While Danes indicated that they have to hold back from the debate because they hold the EU Presidency, they could see our proposal as one they could put forward to break the anticipated deadlock in discussions later this month. And it would avoid having to make two big decisions – the ‘new CFP’ and quotas – at the same Council of Ministers meeting.

So that was one team warm to our thoughts on fishing for 2003 and beyond.

Next stop seemed a harder nut to crack. She was Franz Fischler’s advisor on fishing, Maja Kirchner. I have written previously about the incongruity of a land-locked Austria being the EU state which provides the Fishing Commissioner. Meeting Maja did not initially instil confidence either. Rather than being an expert on fishing, she is a lawyer. And has been involved in fishing for only two years.

With Fischler seeming to be ‘all over the place’ in his responses to the future of North Sea fishing it was important that we understood why this was so.

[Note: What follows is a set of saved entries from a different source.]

lemma coal_flat_concat: "coal_flat (concat xss) = coal_flat (concat (map coal_flat xss))"
proof (induction xss)
  case (Cons xs xss)
  have "coal_flat (concat (xs # xss)) = coal_flat (coal_flat xs @ coal_flat (concat xss))"
    by (simp add: coal_flat_append[of xs])
  also have "\<dots> = coal_flat (coal_flat (coal_flat xs) @ coal_flat (concat (map coal_flat xss)))"
    using Cons by (simp add: coal_flat_idem)
  also have "\<dots> = coal_flat (concat (map coal_flat (xs # xss)))"
    by (simp add: coal_flat_append[of "coal_flat xs"])
  finally show ?case .
qed (simp add: coal_flat_def)

lemma coal_flat_append_concat_coal_flat:
  "coal_flat (xs @ concat (map coal_flat yss)) = coal_flat (xs @ concat yss)"
  using coal_flat_concat[of "xs # map coal_flat yss"] coal_flat_concat[of "xs # yss"]
  by (simp add: coal_flat_idem o_def)

lemma phi_flat_coal_flat: "phi_flat (coal_flat sd) y = phi_flat sd y"
  by (simp add: coal_flat_def phi_flat_merge_modes phi_flat_squeeze)

lemma fsize_coal_flat: "fsize (coal_flat sd) = fsize sd"
  by (simp add: coal_flat_def fsize_merge_modes fsize_squeeze)

lemma coal_flat_neq_Nil: "fsize sd \<noteq> 1 \<Longrightarrow> coal_flat sd \<noteq> []"
  by (metis fsize_coal_flat prod_list.Nil list.simps(8))

definition flat_equiv :: "(nat \<times> nat) list \<Rightarrow> (nat \<times> nat) list \<Rightarrow> bool" where
  "flat_equiv u v \<longleftrightarrow> fsize u = fsize v \<and> phi_flat u = phi_flat v"

lemma flat_equiv_refl: "flat_equiv u u"
  by (simp add: flat_equiv_def)

lemma flat_equiv_concat: "list_all2 flat_equiv us vs \<Longrightarrow> flat_equiv (concat us) (concat vs)"
  by (induction rule: list_all2_induct) (auto simp: flat_equiv_def phi_flat_append fun_eq_iff)

lemma flat_equiv_coal_flat: "flat_equiv (coal_flat sd) sd"
  by (simp add: flat_equiv_def fsize_coal_flat phi_flat_coal_flat fun_eq_iff)

text \<open>At \<open>x = s\<close> the left layout enters its second mode, whose stride differs from \<open>s * d\<close> by
  unmergeability, while the right layout is still in its first mode.\<close>

lemma unmergeable_first_shape_le:
  assumes "\<forall>p\<in>set xs. 1 < fst p" "unmergeable ((s, d) # xs)" "1 < s"
    and "\<forall>p\<in>set ys. 0 < fst p" "fsize ((s, d) # xs) = fsize ((s', d) # ys)"
    and "\<forall>y < fsize ((s, d) # xs). phi_flat ((s, d) # xs) y = phi_flat ((s', d) # ys) y"
  shows "s' \<le> s"
proof (rule ccontr)
  assume "\<not> s' \<le> s"
  then have less: "s < s'" by simp
  show False
  proof (cases xs)
    case Nil
    have "0 < fsize ys" using assms(4) by (rule fsize_pos)
    then show False using assms(5) less Nil by simp
  next
    case (Cons p r)
    have "1 < fsize xs" using assms(1) Cons by (intro fsize_gt_1) auto
    then have "s < fsize ((s, d) # xs)" using assms(3) by simp
    then have "phi_flat ((s, d) # xs) s = phi_flat ((s', d) # ys) s" using assms(6) by blast
    moreover have "phi_flat ((s, d) # xs) s = snd p"
      using Cons assms(1,3) by (simp add: phi_flat_Cons)
    moreover have "phi_flat ((s', d) # ys) s = s * d"
      using less by (simp add: phi_flat_Cons)
    ultimately show False using assms(2) Cons by simp
  qed
qed

lemma unmergeable_eqI:
  "\<forall>p\<in>set xs. 1 < fst p \<Longrightarrow> \<forall>p\<in>set ys. 1 < fst p \<Longrightarrow> unmergeable xs \<Longrightarrow> unmergeable ys
   \<Longrightarrow> fsize xs = fsize ys \<Longrightarrow> \<forall>y < fsize xs. phi_flat xs y = phi_flat ys y \<Longrightarrow> xs = ys"
proof (induction xs arbitrary: ys)
  case Nil
  then show ?case using fsize_gt_1[of ys] by (cases ys) auto
next
  case (Cons p xs)
  obtain s d where p: "p = (s, d)" by force
  have s: "1 < s" using Cons.prems p by auto
  have "ys \<noteq> []" using Cons.prems(1,5) fsize_gt_1[of "p # xs"] by auto
  then obtain s' d' ys' where ys: "ys = (s', d') # ys'" by (metis list.exhaust prod.exhaust)
  have s': "1 < s'" using Cons.prems ys by auto
  have "0 < fsize xs" using Cons.prems(1) by (intro fsize_pos) auto
  then have "1 < fsize (p # xs)" using s p less_1_mult'[of s "fsize xs"] by simp
  then have "phi_flat (p # xs) 1 = phi_flat ys 1" using Cons.prems(6) by blast
  then have dd: "d' = d" using s s' p ys by (simp add: phi_flat_Cons)
  have ss: "s' = s"
  proof (rule antisym)
    show "s' \<le> s"
      using Cons.prems p ys dd s by (intro unmergeable_first_shape_le[of xs s d ys' s']) auto
    show "s \<le> s'"
      using Cons.prems p ys dd s' by (intro unmergeable_first_shape_le[of ys' s' d xs s]) auto
  qed
  have "xs = ys'"
  proof (rule Cons.IH)
    show "fsize xs = fsize ys'" using Cons.prems(5) p ys ss s by simp
    show "\<forall>y < fsize xs. phi_flat xs y = phi_flat ys' y"
    proof (intro allI impI)
      fix y assume "y < fsize xs"
      then have "s * y < fsize (p # xs)" using p s by simp
      then have "phi_flat (p # xs) (s * y) = phi_flat ys (s * y)" using Cons.prems(6) by blast
      then show "phi_flat xs y = phi_flat ys' y" using p ys ss s by (simp add: phi_flat_Cons)
    qed
  qed (use Cons.prems ys in \<open>auto elim: unmergeable.elims\<close>)
  then show ?case using p ys ss dd by simp
qed

section \<open>Nested layouts\<close>

lemma fillT_fillL_props:
  "snd (fillT X ns) = drop (length (flat X)) ns \<and>
   (length (flat X) \<le> length ns \<longrightarrow> flat (fst (fillT X ns)) = take (length (flat X)) ns) \<and>
   congruent X (fst (fillT X ns))"
  "snd (fillL xs ns) = drop (length (concat (map flat xs))) ns \<and>
   (length (concat (map flat xs)) \<le> length ns \<longrightarrow>
      concat (map flat (fst (fillL xs ns))) = take (length (concat (map flat xs))) ns) \<and>
   list_all2 congruent xs (fst (fillL xs ns))"
proof (induction X ns and xs ns rule: fillT_fillL.induct)
  case (1 n ns)
  then show ?case by (cases ns) auto
next
  case (4 x xs ns)
  obtain y r where yr: "fillT x ns = (y, r)" by force
  obtain ys r' where ysr: "fillL xs r = (ys, r')" by force
  show ?case using 4(1) 4(2)[OF yr[symmetric] refl] yr ysr by (auto simp: take_add add.commute)
qed (auto split: prod.splits)

lemma flat_fill: "length ns = length (flat X) \<Longrightarrow> flat (fill X ns) = ns"
  using fillT_fillL_props(1)[of X ns] by (simp add: fill_def)

lemma congruent_fill: "congruent X (fill X ns)"
  using fillT_fillL_props(1)[of X ns] by (simp add: fill_def)

lemma congruent_length_flat: "congruent X D \<Longrightarrow> length (flat X) = length (flat D)"
proof (induction X D rule: congruent.induct)
  case (2 xs ys)
  then have "list_all2 (\<lambda>x y. length (flat x) = length (flat y)) xs ys"
    by (auto simp: list_all2_conv_all_nth)
  then have "length (concat (map flat xs)) = length (concat (map flat ys))"
    by (induction rule: list_all2_induct) auto
  then show ?case by simp
qed auto

lemma refines_refl: "refines X X"
  by (induction X) (auto simp: tsize_def list_all2_conv_all_nth)

lemma map_fst_lflat: "congruent X D \<Longrightarrow> map fst (lflat (X, D)) = flat X"
  by (simp add: lflat_def congruent_length_flat)

lemma lsize_eq_fsize_lflat: "congruent (fst L) (snd L) \<Longrightarrow> lsize L = fsize (lflat L)"
  by (cases L) (simp add: lsize_def tsize_def map_fst_lflat)
(* Let $f_1,\dots,f_n\colon\mathbb R\to\mathbb R$ and $\eta\colon\mathbb R\times\mathbb R\to(0,\infty)$ be smooth with $\eta(x,0)=1$, and consider the metric $(\star)$ on $\mathbb R^{n+2}$, whose scalar curvature is $-2\eta_{uu}/\eta$. If $\mathrm{Scal}\le-2$ everywhere and $|\eta_u(x,0)|\le1$ for all $x$, then the metric is complete.
   Context: The metric $(\star)$: on $\mathbb R\times\mathbb R^{n+1}$ with coordinates $(x,u,v_1,\dots,v_n)$, conventions $v_0=u$, $v_{-1}=v_{n+1}=0$, $f_0=f_{n+1}=0$, $g_{\eta,f}=\eta(x,u)^2dx^2+\sum_{j=0}^n\big(dv_j+(v_{j-1}f_j(x)-v_{j+1}f_{j+1}(x))dx\big)^2$. $|\eta_u(x,0)|$ is the absolute geodesic curvature of $\gamma(x)=(x,0,\dots,0)$. *)

theory Defs
  imports "HOL-Analysis.Analysis"
begin

definition smooth1 :: "(real \<Rightarrow> real) \<Rightarrow> bool" where
  "smooth1 f \<longleftrightarrow> (\<forall>k x. ((deriv ^^ k) f) differentiable (at x))"

definition pdx :: "(real \<Rightarrow> real \<Rightarrow> real) \<Rightarrow> real \<Rightarrow> real \<Rightarrow> real" where
  "pdx g = (\<lambda>x u. deriv (\<lambda>t. g t u) x)"

definition pdu :: "(real \<Rightarrow> real \<Rightarrow> real) \<Rightarrow> real \<Rightarrow> real \<Rightarrow> real" where
  "pdu g = (\<lambda>x u. deriv (\<lambda>t. g x t) u)"
lemma perturbed_density_Suc:
  "perturbed_density rho P t (Suc n) a = (\<integral>\<^sup>+u. perturbed_density rho P t n (a + t\<^sup>2 * u) \<partial>P)"
proof -
  interpret product_sigma_finite "\<lambda>_::nat. P"
    by (rule product_sigma_finite.intro) (use prob_space_P prob_space_imp_sigma_finite in auto)
  have sum: "(\<Sum>i\<in>insert n {..<n}. (\<gamma>(n := u)) i) = u + (\<Sum>i<n. \<gamma> i)" for \<gamma> :: "nat \<Rightarrow> real" and u :: real
    by (simp add: sum.insert)
  have "perturbed_density rho P t (Suc n) a
      = (\<integral>\<^sup>+\<gamma>. ennreal (rho (a + t\<^sup>2 * (\<Sum>i\<in>insert n {..<n}. \<gamma> i))) \<partial>PiM (insert n {..<n}) (\<lambda>_. P))"
    unfolding perturbed_density_def lessThan_Suc ..
  also have "\<dots> = (\<integral>\<^sup>+u. \<integral>\<^sup>+\<gamma>. ennreal (rho (a + t\<^sup>2 * (\<Sum>i\<in>insert n {..<n}. (\<gamma>(n := u)) i)))
      \<partial>PiM {..<n} (\<lambda>_. P) \<partial>P)"
    by (rule product_nn_integral_insert_rev) auto
  also have "\<dots> = (\<integral>\<^sup>+u. perturbed_density rho P t n (a + t\<^sup>2 * u) \<partial>P)"
    unfolding sum perturbed_density_def by (simp add: algebra_simps)
  finally show ?thesis .
qed

lemma nn_integral_perturbed_density: "(\<integral>\<^sup>+b. perturbed_density rho P t n b \<partial>lborel) = 1"
proof (induction n)
  case 0
  then show ?case by (simp add: perturbed_density_0 rho_integral)
next
  case (Suc n)
  interpret P: prob_space P by (rule prob_space_P)
  interpret pair_sigma_finite lborel P by unfold_locales
  have shift: "(\<integral>\<^sup>+a. perturbed_density rho P t n (a + t\<^sup>2 * u) \<partial>lborel) = 1" for u :: real
    using nn_integral_real_affine[OF perturbed_density_measurable, where c=1 and t="t\<^sup>2 * u"] Suc.IH
    by (simp add: add.commute)
  have "(\<integral>\<^sup>+b. perturbed_density rho P t (Suc n) b \<partial>lborel)
      = (\<integral>\<^sup>+u. \<integral>\<^sup>+a. perturbed_density rho P t n (a + t\<^sup>2 * u) \<partial>lborel \<partial>P)"
    unfolding perturbed_density_Suc by (rule Fubini'[symmetric]) measurable
  also have "\<dots> = 1" by (simp add: shift P.emeasure_space_1)
  finally show ?case .
qed

lemma perturbed_density_le:
  assumes "\<And>x. rho x \<le> B" shows "perturbed_density rho P t n b \<le> ennreal B"
proof -
  interpret prob_space "PiM {..<n} (\<lambda>_::nat. P)" by (rule prob_space_PiM_P)
  have "perturbed_density rho P t n b \<le> (\<integral>\<^sup>+\<gamma>. ennreal B \<partial>PiM {..<n} (\<lambda>_. P))"
    unfolding perturbed_density_def by (intro nn_integral_mono ennreal_leI assms)
  then show ?thesis by (simp add: emeasure_space_1)
qed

One thing said by Maja soon re-emphasised the merits of our proposals.

It seems that Fischler’s office only had seven days in which to draw up their 170 page document on the future of fishing. Squeezed by the timetable for the delivery of the scientists’ reports and decision at the December Council of Ministers that was all they got.

For the first time, the real irrationality of some of the EU’s processes was brought into focus for me. And the apparent lack of knowledge on the Fishing Commissioner’s part could, to some extent at least, be put down to simple lack of time to master a complex brief.

So when we put forward our thoughts, involving as they did moving the decision into 2003, they were more warmly received than we had imagined that they would be. For it seems that Franz Fischler’s office is not unaware of the hazards of making decisions based on a rapid read of the evidence and the pressure of a ludicrously tight decision-making timetable.

And of course that timetable reduces both the chance that the recommendation is well thought out or well argued and increases the chance that it will be power politics that governs the decision rather than logic.

But the fly in the ointment was Maja’s observation that for all the good ideas that we were putting forward, they would only really carry weight if tabled by a government – preferably ours.

So that’s why our own ‘Cod Squad’, those feisty female Cod Crusaders from Fraserburgh are the ace in our hand. Pressure from outside the normal political channels alarms ministers. It worked for Peterhead Prison. It must work for our fishermen and all who depend upon them.